If they hadn’t been apart for ten years and if their break hadn’t occurred when he was twenty two and she eighteen, I would be tempted to say this is an estrangement that a conversation – okay probably longer than the proverbial five minutes – could have helped. But back then neither had the insight or knowledge to even begin talking much less figure out that they were headed towards the cliffs.
“One night of love” might get the physical aspect of marriage in gear, fairly quickly given Alicia’s feelings about sex for the past ten years, but hooray that Sebastian and Alicia aren’t going to just dive right back into marriage thinking things are fixed. Instead they take time to ask questions and lay their hearts out. It’s all or nothing and they’re brave enough to try while also being vulnerable enough to not be quite sure. Ten years and a lot of heartache have separated them but they finally seem on their way to what they always wanted and dreamed of. I have to admit that this one is better for me as a “working on our HEA” rather than “we got this now.” B
Right so why the B grade? One thing bugged the crap out of me.
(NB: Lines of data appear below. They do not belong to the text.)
theorem subspace_embedding_M3:
  assumes "class.distrib_lattice inf (\<le>) (<) (sup :: 'a::lattice \<Rightarrow> 'a \<Rightarrow> 'a)"
  shows "subspace_lattice_embedding fscale M3 (\<le>)
    (prime_filter_embedding :: 'a \<times> 'a \<times> 'a \<Rightarrow> ('a set \<times> bool \<Rightarrow> 'f::field) set)"
  unfolding subspace_lattice_embedding_def
proof (intro conjI ballI)
  interpret vector_space "fscale :: 'f \<Rightarrow> ('a set \<times> bool \<Rightarrow> 'f) \<Rightarrow> _" by (rule vector_space_fscale)
  show "inj_on (prime_filter_embedding :: _ \<Rightarrow> ('a set \<times> bool \<Rightarrow> 'f) set) M3"
    by (rule inj_on_prime_filter_embedding[OF assms])
  fix s t :: "'a \<times> 'a \<times> 'a" assume "s \<in> M3" "t \<in> M3"
  then show "subspace (prime_filter_embedding s :: ('a set \<times> bool \<Rightarrow> 'f) set)"
    and "prime_filter_embedding (pmeet M3 (\<le>) s t) = prime_filter_embedding s \<inter> (prime_filter_embedding t :: ('a set \<times> bool \<Rightarrow> 'f) set)"
    and "prime_filter_embedding (pjoin M3 (\<le>) s t) = span (prime_filter_embedding s \<union> (prime_filter_embedding t :: ('a set \<times> bool \<Rightarrow> 'f) set))"
    by (simp_all add: subspace_prime_filter_embedding pmeet_M3 prime_filter_embedding_inf pjoin_M3[OF assms]
        prime_filter_embedding_balanced_closure_sup span_Un_subspaces)
qed

theorem proposition6p5:
  shows "(distributive_lattice TYPE('a::lattice) \<longleftrightarrow> modular_lattice_on (M3 :: ('a \<times> 'a \<times> 'a) set) le3)
       \<and> (distributive_lattice TYPE('a) \<longleftrightarrow> arguesian_lattice_on (M3 :: ('a \<times> 'a \<times> 'a) set) le3)
       \<and> (distributive_lattice TYPE('a) \<longrightarrow>
            (\<exists>\<phi> :: 'a \<times> 'a \<times> 'a \<Rightarrow> ('a set \<times> bool \<Rightarrow> 'f::field) set.
               subspace_lattice_embedding fscale M3 le3 \<phi>))"
proof -
  let ?M3 = "M3 :: ('a \<times> 'a \<times> 'a) set"
  let ?\<phi> = "prime_filter_embedding :: _ \<Rightarrow> ('a set \<times> bool \<Rightarrow> 'f) set"
  have embedding: "subspace_lattice_embedding fscale ?M3 (\<le>) ?\<phi>"
    and lattice: "lattice_on ?M3 (\<le>)" if "distributive_lattice TYPE('a)"
    using subspace_embedding_M3 lattice_on_M3 distrib_lattice_if_distributive[OF that] by blast+
  have "modular_lattice_on ?M3 (\<le>)" "arguesian_lattice_on ?M3 (\<le>)" if "distributive_lattice TYPE('a)"
    using lattice_on.modular_if_subspace_embedding lattice_on.arguesian_if_subspace_embedding
      lattice[OF that] vector_space_fscale embedding[OF that] by blast+
  moreover have "distributive_lattice TYPE('a)"
    if "modular_lattice_on ?M3 (\<le>) \<or> arguesian_lattice_on ?M3 (\<le>)"
  proof -
    have "lattice_on ?M3 (\<le>)"
      using that poset_on_M3
      unfolding modular_lattice_on_def arguesian_lattice_on_def lattice_on_def lattice_on_axioms_def by blast
    then show ?thesis
      using that lattice_on.modular_inequality_if_modular lattice_on.modular_inequality_if_arguesian
        distributive_if_M3_modular_inequality by blast
  qed
  ultimately show ?thesis unfolding le3_eq_less_eq using embedding by blast
qed

end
Alicia and her cicisbeo are on the road in a curricle in Yorkshire in December in a snow storm. Two horses are pulling the carriage. Eventually one is taken off stage – so to speak – and then when Sebastian and Alicia head for the inn, riding on his horse, the other one is apparently just left there, in the icy, blowing storm. So I had to mentally rewrite this bit to add “Sebastian gathered up the reins of the second carriage horse then mounted his horse before pulling Alicia up behind him and heading for the inn.”
Any mistreatment or neglect of an animal (even if it’s just an editing oversight on the part of the author) will cause my mind to go off-track. There’s a novel by Georges Simenon called (iirc) THE WHITE HORSE INN where a large dog is chained up in the yard. At one point, there’s been a big commotion at the inn and Simenon casually notes that, as a result, no one had remembered to give the dog food or water all day. Although Simenon apparently threw in the comment as a means of showing just how disorganized things at the inn were, I couldn’t stop thinking about that poor dog—chained up without food or water.
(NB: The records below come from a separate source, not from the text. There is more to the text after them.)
(* Let $V$ be a finite nonempty set and $f:\{0,1\}^V\to\{0,1\}^V$ an and-net. (1) Every subnetwork of $f$ has a unique fixed point if and only if every chordless cycle of $G(f)$ has a delocalizing vertex. (2) Every subnetwork of $f$ has at most one fixed point if and only if every chordless positive cycle of $G(f)$ has a delocalizing vertex.
   Context: For nonempty $I\subseteq V$ and $z\in\{0,1\}^{V\setminus I}$, the subnetwork of $f$ induced by $z$ is $h:\{0,1\}^I\to\{0,1\}^I$ with $h(x|_I)=f(x)|_I$ for all $x$ whose restriction to $V\setminus I$ is $z$ ($f$ is a subnetwork of itself). For $x^{j\alpha}$ the point equal to $x$ except its $j$-component is $\alpha$, the global interaction graph $G(f)$ is the signed digraph on $V$ with a positive (resp. negative) arc from $j$ to $i$ iff $f_i(x^{j1})-f_i(x^{j0})=1$ (resp. $=-1$) for at least one $x$. $f$ is an and-net if $G(f)$ has at most one arc from $j$ to $i$ for all $i,j$ and for every $i$ and $x$: $f_i(x)=1$ iff $G(f)$ has no positive arc $j\to i$ with $x_j=0$ and no negative arc $j\to i$ with $x_j=1$. A cycle is a subgraph whose underlying unsigned digraph is a directed cycle (loops are cycles of length 1); positive if it has an even number of negative arcs; chordless if its underlying unsigned digraph is an induced subgraph of that of $G(f)$. A vertex $v$ (possibly on $C$) is a delocalizing vertex of a cycle $C$ if $G(f)$ has a positive arc from $v$ to a vertex of $C$ and a negative arc from $v$ to a different vertex of $C$. *)

theory Defs
  imports "HOL-Library.FuncSet"
begin

text \<open>The vertex set V is a finite type 'v (types are nonempty).
  Configurations in {0,1}^V are functions 'v \<Rightarrow> bool (True = 1).\<close>

type_synonym 'v bnet = "('v \<Rightarrow> bool) \<Rightarrow> ('v \<Rightarrow> bool)"

definition pos_arc :: "'v bnet \<Rightarrow> 'v \<Rightarrow> 'v \<Rightarrow> bool" where
  "pos_arc f j i \<longleftrightarrow> (\<exists>x. f (x(j := True)) i \<and> \<not> f (x(j := False)) i)"

definition neg_arc :: "'v bnet \<Rightarrow> 'v \<Rightarrow> 'v \<Rightarrow> bool" where
  "neg_arc f j i \<longleftrightarrow> (\<exists>x. \<not> f (x(j := True)) i \<and> f (x(j := False)) i)"

definition sarc :: "'v bnet \<Rightarrow> bool \<Rightarrow> 'v \<Rightarrow> 'v \<Rightarrow> bool" where
  "sarc f s j i \<longleftrightarrow> (if s then pos_arc f j i else neg_arc f j i)"

definition any_arc :: "'v bnet \<Rightarrow> 'v \<Rightarrow> 'v \<Rightarrow> bool" where
  "any_arc f j i \<longleftrightarrow> pos_arc f j i \<or> neg_arc f j i"

definition and_net :: "'v bnet \<Rightarrow> bool" where
  "and_net f \<longleftrightarrow>
     (\<forall>i j. \<not> (pos_arc f j i \<and> neg_arc f j i)) \<and>
     (\<forall>i x. f x i \<longleftrightarrow>
        \<not> (\<exists>j. pos_arc f j i \<and> \<not> x j) \<and> \<not> (\<exists>j. neg_arc f j i \<and> x j))"

text \<open>Subnetwork induced by I and z: points of {0,1}^I are the extensional
  functions in PiE I (\<lambda>_. UNIV); only the values of z on V - I matter.\<close>
definition subnet :: "'v bnet \<Rightarrow> 'v set \<Rightarrow> ('v \<Rightarrow> bool) \<Rightarrow> ('v \<Rightarrow> bool) \<Rightarrow> ('v \<Rightarrow> bool)" where
  "subnet f I z y = restrict (f (\<lambda>j. if j \<in> I then y j else z j)) I"

definition subnet_fixpoints :: "'v bnet \<Rightarrow> 'v set \<Rightarrow> ('v \<Rightarrow> bool) \<Rightarrow> ('v \<Rightarrow> bool) set" where
  "subnet_fixpoints f I z = {y \<in> I \<rightarrow>\<^sub>E (UNIV :: bool set). subnet f I z y = y}"

definition is_cycle :: "'v bnet \<Rightarrow> 'v list \<Rightarrow> bool list \<Rightarrow> bool" where
  "is_cycle f vs ss \<longleftrightarrow> vs \<noteq> [] \<and> distinct vs \<and> length ss = length vs \<and>
     (\<forall>t < length vs. sarc f (ss ! t) (vs ! t) (vs ! ((t + 1) mod length vs)))"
@DiscoDollyDeb: I’d have had that poor dog on my mind too.
@DiscoDollyDeb: So with you on that. It’s one of the reasons cowboy heroes turn me off. Ditto heroes who are into rooster fights, dog fights, or bull fights.
I have never heard the word “cicisbeo” before. That was new.
@Jennifer: It’s another “I learned it from a romance novel” word. Heyer, maybe? I think definitely a Georgian novel.
One member of my critique group makes sure we don’t forget or neglect our literary animals. She’s always tracking what’s happening to the dog/cat/horse. Her other special skill is catching anything that could possibly be read as naughty when it’s not meant to be. Very helpful!
@Kris Bock: Yay! I’m glad to hear this. Authors – don’t leave your animals tied up in the inn yard with no food or water.